The Mentaculus has a nice list with good explanations/definitions of different types of biases based on a recent article by David Chavalariasa and John Ioannidis. Haven’t read the underlying article, but the list provides a nice summary of potential biases of very different sorts that affect different parts of the scientific process and can help lead a field to report misleading results. Below, I’ve taken the items from the above list and merely shuffled them into a set of categories to reflect different parts of the research process:
- Deciding on design of study/statistical model
- confounding bias = when you think you are measuring the effect of variable X on variable Y, but in reality there is another variable Z that correlates with X and also affects Y, which you haven't considered.
- Deciding on who to collect data from
- selection bias = when you think that all the various sub-groups of the population are proportionally just as likely to be in your sample, but in reality certain groups are more likely to be present than proportional, because of the way you collect your data.
- sampling bias = when you think your sample is representative of the population, but really it is not, because it is skewed in ethnicity, attractiveness, age, gender, and/or etc, casting doubt on your generalizations from the sample to the population. (this is actually a sub-category of selection bias, with the distinction of external vs internal validity that sounds cool but also troublesomely postmodern)
- Evaluating data quality
- response bias = when respondents answer your questions in the way they think you want them to answer, rather than according to their true beliefs; this could also happen in animal research if you reward animals for responding in a certain way outside of the main test.

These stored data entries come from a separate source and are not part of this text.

lemma abs_taylor_deriv_nearest_point_le:
  fixes F :: "('n::finite \<Rightarrow> nat) \<Rightarrow> real^'n \<Rightarrow> real" and \<alpha> :: "'n \<Rightarrow> nat"
  assumes \<sigma>: "weight_sequence \<sigma>"
    and F: "\<And>\<gamma>. \<bar>F \<gamma> y\<bar> \<le> C * \<rho> ^ mabs \<gamma> * Wseq \<sigma> (mabs \<gamma>)"
    and "C \<ge> 0" "\<rho> \<ge> 1" "0 < lam" "lam \<le> 1" and L: "8 * (2 ^ CARD('n))\<^sup>2 * \<rho> \<le> lam * L"
    and xy: "norm (x - y) \<le> d" and "d > 0"
    and p: "p \<le> Gamma_lower (wseq \<sigma>) (lam * (L * d))"
  shows "\<bar>taylor_deriv p y F \<alpha> x\<bar> \<le> C * (2 * L) ^ (mabs \<alpha> + 1) * Wseq \<sigma> (mabs \<alpha>)"
proof -
  define K :: real where "K = 2 ^ CARD('n)"
  define a where "a = mabs \<alpha>"
  define T where "T \<beta> = mpow (x - y) \<beta> / mfact \<beta> * F (\<lambda>i. \<alpha> i + \<beta> i) y" for \<beta>
  note K = scale_bounds[OF two_le_two_power_card \<open>\<rho> \<ge> 1\<close> \<open>0 < lam\<close> \<open>lam \<le> 1\<close> L, folded K_def]
  have small: "8 * 2 ^ CARD('n) * \<rho> * d \<le> lam * (L * d)"
    using mult_right_mono[OF K(4), of d] \<open>d > 0\<close> unfolding K_def by (simp add: mult_ac)
  have "0 < lam * (L * d)"
    using \<open>0 < lam\<close> \<open>d > 0\<close> \<open>\<rho> \<ge> 1\<close> K(1) by simp
  show ?thesis
  proof (cases "a \<le> p")
    case True
    have "taylor_deriv p y F \<alpha> x = sum T {\<beta>. mabs \<beta> \<le> p - a}"
      using True unfolding taylor_deriv_def T_def a_def by simp
    then have "\<bar>taylor_deriv p y F \<alpha> x\<bar> \<le> (\<Sum>\<beta>\<in>{\<beta>. 0 \<le> mabs \<beta> \<and> mabs \<beta> \<le> p - a}. \<bar>T \<beta>\<bar>)"
      using sum_abs[of T] by simp
    also have "\<dots> \<le> C * ((2 * \<rho>) ^ a * K) * Wseq \<sigma> a"
      using sum_taylor_terms_le[where F = F and y = y and m = 0 and \<alpha> = \<alpha> and N = "p - a",
          OF \<sigma> F \<open>C \<ge> 0\<close> _ xy \<open>0 < lam * (L * d)\<close> _ small] \<open>\<rho> \<ge> 1\<close> p True
      unfolding T_def a_def K_def by (simp add: Wseq_eq_fact_mult_wseq mult_ac)
    also have "\<dots> \<le> C * ((2 * L) ^ a * (2 * L)) * Wseq \<sigma> a"
      using \<open>C \<ge> 0\<close> \<open>\<rho> \<ge> 1\<close> K(1,2) weight_sequence_Wseq_ge_1[OF \<sigma>, of a] unfolding K_def
      by (intro mult_right_mono mult_left_mono mult_mono power_mono) auto
    finally show ?thesis
      unfolding a_def by (simp add: mult_ac)
  next
    case False
    have "0 \<le> Wseq \<sigma> (mabs \<alpha>)" "0 \<le> L"
      using weight_sequence_Wseq_ge_1[OF \<sigma>] K(1) \<open>\<rho> \<ge> 1\<close> by (smt (verit))+
    with False show ?thesis
      using \<open>C \<ge> 0\<close> unfolding taylor_deriv_def a_def by simp
  qed
qed

lemma abs_taylor_deriv_diff_nearest_point_le:
  fixes F :: "('n::finite \<Rightarrow> nat) \<Rightarrow> real^'n \<Rightarrow> real" and \<alpha> :: "'n \<Rightarrow> nat"
  assumes \<sigma>: "weight_sequence \<sigma>"
    and F: "\<And>\<gamma>. \<bar>F \<gamma> y\<bar> \<le> C * \<rho> ^ mabs \<gamma> * Wseq \<sigma> (mabs \<gamma>)"
    and "C \<ge> 0" "\<rho> \<ge> 1" "0 < lam" "lam \<le> 1" and L: "8 * (2 ^ CARD('n))\<^sup>2 * \<rho> \<le> lam * L"
    and xy: "norm (x - y) \<le> d" and "d > 0"
    and p: "p \<le> Gamma_lower (wseq \<sigma>) (lam * (L * d))" and "mabs \<alpha> < p"
  shows "\<bar>taylor_deriv p y F \<alpha> x - F \<alpha> y\<bar>
    \<le> C * (2 * L) ^ (mabs \<alpha> + 1) * fact (mabs \<alpha>) * wseq \<sigma> (mabs \<alpha> + 1) * d"
proof -
  define K :: real where "K = 2 ^ CARD('n)"
  define a where "a = mabs \<alpha>"
  define T where "T \<beta> = mpow (x - y) \<beta> / mfact \<beta> * F (\<lambda>i. \<alpha> i + \<beta> i) y" for \<beta>
  define B where "B = {\<beta> :: 'n \<Rightarrow> nat. mabs \<beta> \<le> p - a}"
  note K = scale_bounds[OF two_le_two_power_card \<open>\<rho> \<ge> 1\<close> \<open>0 < lam\<close> \<open>lam \<le> 1\<close> L, folded K_def]
  have small: "8 * 2 ^ CARD('n) * \<rho> * d \<le> lam * (L * d)"
    using mult_right_mono[OF K(4), of d] \<open>d > 0\<close> unfolding K_def by (simp add: mult_ac)
  have "0 < lam * (L * d)"
    using \<open>0 < lam\<close> \<open>d > 0\<close> \<open>\<rho> \<ge> 1\<close> K(1) by simp
  have "B - {\<lambda>_. 0} = {\<beta> :: 'n \<Rightarrow> nat. 1 \<le> mabs \<beta> \<and> mabs \<beta> \<le> p - a}"
    unfolding B_def using mabs_eq_0_iff by (force simp: Suc_le_eq)
  moreover have "taylor_deriv p y F \<alpha> x = sum T B"
    using \<open>mabs \<alpha> < p\<close> unfolding taylor_deriv_def B_def T_def a_def by simp
  moreover have "sum T B = T (\<lambda>_. 0) + sum T (B - {\<lambda>_. 0})"
    by (rule sum.remove) (auto simp: B_def finite_mabs_le)
  moreover have "T (\<lambda>_. 0) = F \<alpha> y"
    unfolding T_def mpow_def mfact_def by simp
  ultimately have "taylor_deriv p y F \<alpha> x - F \<alpha> y = (\<Sum>\<beta>\<in>{\<beta>. 1 \<le> mabs \<beta> \<and> mabs \<beta> \<le> p - a}. T \<beta>)"
    by simp
  then have "\<bar>taylor_deriv p y F \<alpha> x - F \<alpha> y\<bar> \<le> (\<Sum>\<beta>\<in>{\<beta>. 1 \<le> mabs \<beta> \<and> mabs \<beta> \<le> p - a}. \<bar>T \<beta>\<bar>)"
    by (simp only:) (rule sum_abs)
  also have "\<dots> \<le> C * ((2 * \<rho>) ^ a * (8 * K\<^sup>2 * \<rho>)) * fact a * wseq \<sigma> (a + 1) * d"
    using sum_taylor_terms_le[where F = F and y = y and m = 1 and \<alpha> = \<alpha> and N = "p - a",
        OF \<sigma> F \<open>C \<ge> 0\<close> _ xy \<open>0 < lam * (L * d)\<close> _ small] \<open>\<rho> \<ge> 1\<close> p \<open>mabs \<alpha> < p\<close>
    unfolding T_def a_def K_def by (simp add: power2_eq_square mult_ac)
  also have "\<dots> \<le> C * ((2 * L) ^ a * (2 * L)) * fact a * wseq \<sigma> (a + 1) * d"
  proof -
    have "(2 * \<rho>) ^ a * (8 * K\<^sup>2 * \<rho>) \<le> (2 * L) ^ a * (2 * L)"
      using \<open>\<rho> \<ge> 1\<close> K(1,3) by (intro mult_mono[OF power_mono]) auto
    then show ?thesis
      using \<open>C \<ge> 0\<close> \<open>d > 0\<close> weight_sequence_wseq_pos[OF \<sigma>, of "a + 1"]
      by (intro mult_right_mono mult_left_mono) auto
  qed
  finally show ?thesis
    unfolding a_def by (simp add: mult_ac)
qed
lemma gram_plus_scaleR_identity_inverse:
  fixes zs :: "'n::finite \<Rightarrow> 'z"
  assumes pd: "pd_kernel k" and c: "c > 0"
  shows "(gram k zs + c *\<^sub>R mat 1) *v (matrix_inv (gram k zs + c *\<^sub>R mat 1) *v v) = v"
proof -
  define G where "G = gram k zs + c *\<^sub>R mat 1"
  have "x = 0" if "G *v x = 0" for x
  proof -
    have "x \<bullet> (gram k zs *v x) + c * (x \<bullet> x) = x \<bullet> (G *v x)"
      by (simp add: G_def matrix_vector_mult_add_rdistrib inner_add_right
          scaleR_matrix_vector_assoc[symmetric])
    also have "\<dots> = 0" using that by simp
    finally have "x \<bullet> (gram k zs *v x) + c * (x \<bullet> x) = 0" .
    with gram_psd[OF pd, of x zs] c show ?thesis
      by (metis add_nonneg_pos inner_eq_zero_iff inner_gt_zero_iff less_irrefl mult_pos_pos)
  qed
  hence "invertible G" by (simp add: invertible_left_inverse matrix_left_invertible_ker)
  hence "G ** matrix_inv G = mat 1"
    unfolding invertible_def matrix_inv_def by (rule someI2_ex) simp
  thus ?thesis by (simp add: G_def matrix_vector_mul_assoc)
qed

lemma rkhs_bound_finite_family:
  fixes zs :: "'n::finite \<Rightarrow> 'z" and c :: "real^'n"
  assumes "rkhs_bound k f C"
  shows "(\<Sum>i\<in>UNIV. c$i * f (zs i))\<^sup>2 \<le> C * (c \<bullet> (gram k zs *v c))"
proof -
  obtain h where h: "bij_betw h {..<CARD('n)} (UNIV::'n set)"
    using ex_bij_betw_nat_finite[of "UNIV::'n set"] by (auto simp: atLeast0LessThan)
  have reindex: "sum F UNIV = (\<Sum>i<CARD('n). F (h i))" for F :: "'n \<Rightarrow> real"
    by (rule sum.reindex_bij_betw[OF h, symmetric])
  show ?thesis
    using assms unfolding rkhs_bound_def gram_quadratic_form reindex
    by (auto elim!: allE[of _ "CARD('n)"] allE[of _ "zs \<circ> h"] allE[of _ "\<lambda>i. c$(h i)"])
qed
theorem mainTheorem3:
  fixes U :: "idx filter" and \<beta> \<eta> :: "idx \<Rightarrow> real" and ell :: "idx \<Rightarrow> nat"
    and \<gamma> :: "idx \<Rightarrow> nat \<Rightarrow> real"
  assumes "fine_ultrafilter U" and "grid U \<beta> \<eta> ell \<gamma>"
  shows
   "(\<forall>f \<in> C1. inUR U \<beta> ell \<gamma> (\<lambda>l x. f x * chi_ab (\<beta> l) (- \<beta> l) (\<beta> l) x))
  \<and> (\<forall>u a b. inUR U \<beta> ell \<gamma> u \<and> in_grid U ell \<gamma> a \<and> in_grid U ell \<gamma> b \<longrightarrow>
        inUR U \<beta> ell \<gamma> (\<lambda>l x. u l x * chi_ab (\<beta> l) (a l) (b l) x))
  \<and> (\<forall>u. inUR U \<beta> ell \<gamma> u \<longrightarrow> eventually (\<lambda>l. \<forall>j. 1 \<le> j \<and> j \<le> ell l - 1 \<longrightarrow>
        (\<exists>L. (u l \<longlongrightarrow> L) (at_right (\<gamma> l j))) \<and> (\<exists>L. (u l \<longlongrightarrow> L) (at_left (\<gamma> l j)))) U)
  \<and> (\<forall>u. inUR U \<beta> ell \<gamma> u \<longrightarrow> eventually (\<lambda>l.
        (\<exists>L. (u l \<longlongrightarrow> L) (at_right (\<gamma> l 0))) \<and> (\<exists>L. (u l \<longlongrightarrow> L) (at_left (\<gamma> l (ell l))))) U)
  \<and> (\<forall>u v. ultraC1 U u \<and> ultraC1 U v \<longrightarrow> eventually (\<lambda>l. \<forall>j < ell l. \<forall>k < ell l. j \<noteq> k \<longrightarrow>
        hinner (\<lambda>x. u l x * chi (\<gamma> l) j x) (\<lambda>x. v l x * chi (\<gamma> l) k x) = 0) U)
  \<and> (\<forall>u. inUR U \<beta> ell \<gamma> u \<longleftrightarrow> (\<exists>w :: idx \<Rightarrow> nat \<Rightarrow> real \<Rightarrow> real. eventually (\<lambda>l.
        (\<forall>j < ell l. w l j \<in> VI l (\<gamma> l) j)
      \<and> (\<forall>x \<in> offgrid (\<beta> l) (ell l) (\<gamma> l). u l x = (\<Sum>j<ell l. w l j x))) U))
  \<and> (\<forall>w w' :: idx \<Rightarrow> nat \<Rightarrow> real \<Rightarrow> real. eventually (\<lambda>l.
        (\<forall>j < ell l. w l j \<in> VI l (\<gamma> l) j \<and> w' l j \<in> VI l (\<gamma> l) j)
      \<and> (\<forall>x \<in> offgrid (\<beta> l) (ell l) (\<gamma> l). (\<Sum>j<ell l. w l j x) = (\<Sum>j<ell l. w' l j x))) U
      \<longrightarrow> eventually (\<lambda>l. \<forall>j < ell l. w l j = w' l j) U)"
  using inUR_restrict_to_box[OF assms(2,1)] inUR_mult_chi_ab[OF assms(2)]
    inUR_limits_at_inner_grid_points[OF assms(2)] inUR_limits_at_endpoints[OF assms(2)]
    hinner_cells_eventually_orthogonal[OF assms(2)] inUR_iff_sum_VI[OF assms(2)]
    VI_sum_eventually_unique[OF assms(2)]
  by blast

- recall bias = when respondents are more likely to remember the content of your question if they hold a certain belief on it.
- Researcher’s beliefs
- attention bias = when you focus only on data that supports your hypothesis and ignore data that would make your hypothesis less likely.
- publication bias = when you are more likely to publish or tell others about your results if they 1) conform to what you expect, or 2) are what you think others would prefer to hear.
Seems to me there would be others as well that might be worth considering, such as (off the top of my head)
- Biased research questions – Let us say you are for or against some activity that (like most things) has positive and negative aspects (e.g. tobacco smoking, climate regulation, free trade, cannabis use, the internet). You narrow down and specify your research problem and outcome measure so as to only pick up on effects that go in your preferred direction, and present it as though it is a comprehensive or broad outcome measure or representation of the problem.
- Biased analysis – when you (due to presumably common psychological mechanisms) try new model specifications when you are “not satisfied” (e.g., don’t get the results you like) and keep on running new regressions, new models, new methods until you get significant effects in your desired direction.
- Publication bias type 2 – When editors and referees impose different burdens of proof depending on whether they agree with a piece of research or not (particularly if they do so even when there is a lack of consensus in the discipline, if everyone gets results in one direction and a new submission doesn’t, then it makes sense to ask for extraordinary evidence for extraordinary claims)
- Biased data – If the data was collected for some other reason than research and then employed for research, this may have affected the incentives the ultimate source had for reporting truthfully. E.g., tax reports may underestimate sources of income that it is easy to shield from the IRS. some parts of administrative forms that are filled out are filled out because “they have to be filled out” even though no one uses the information much – making them of poor quality.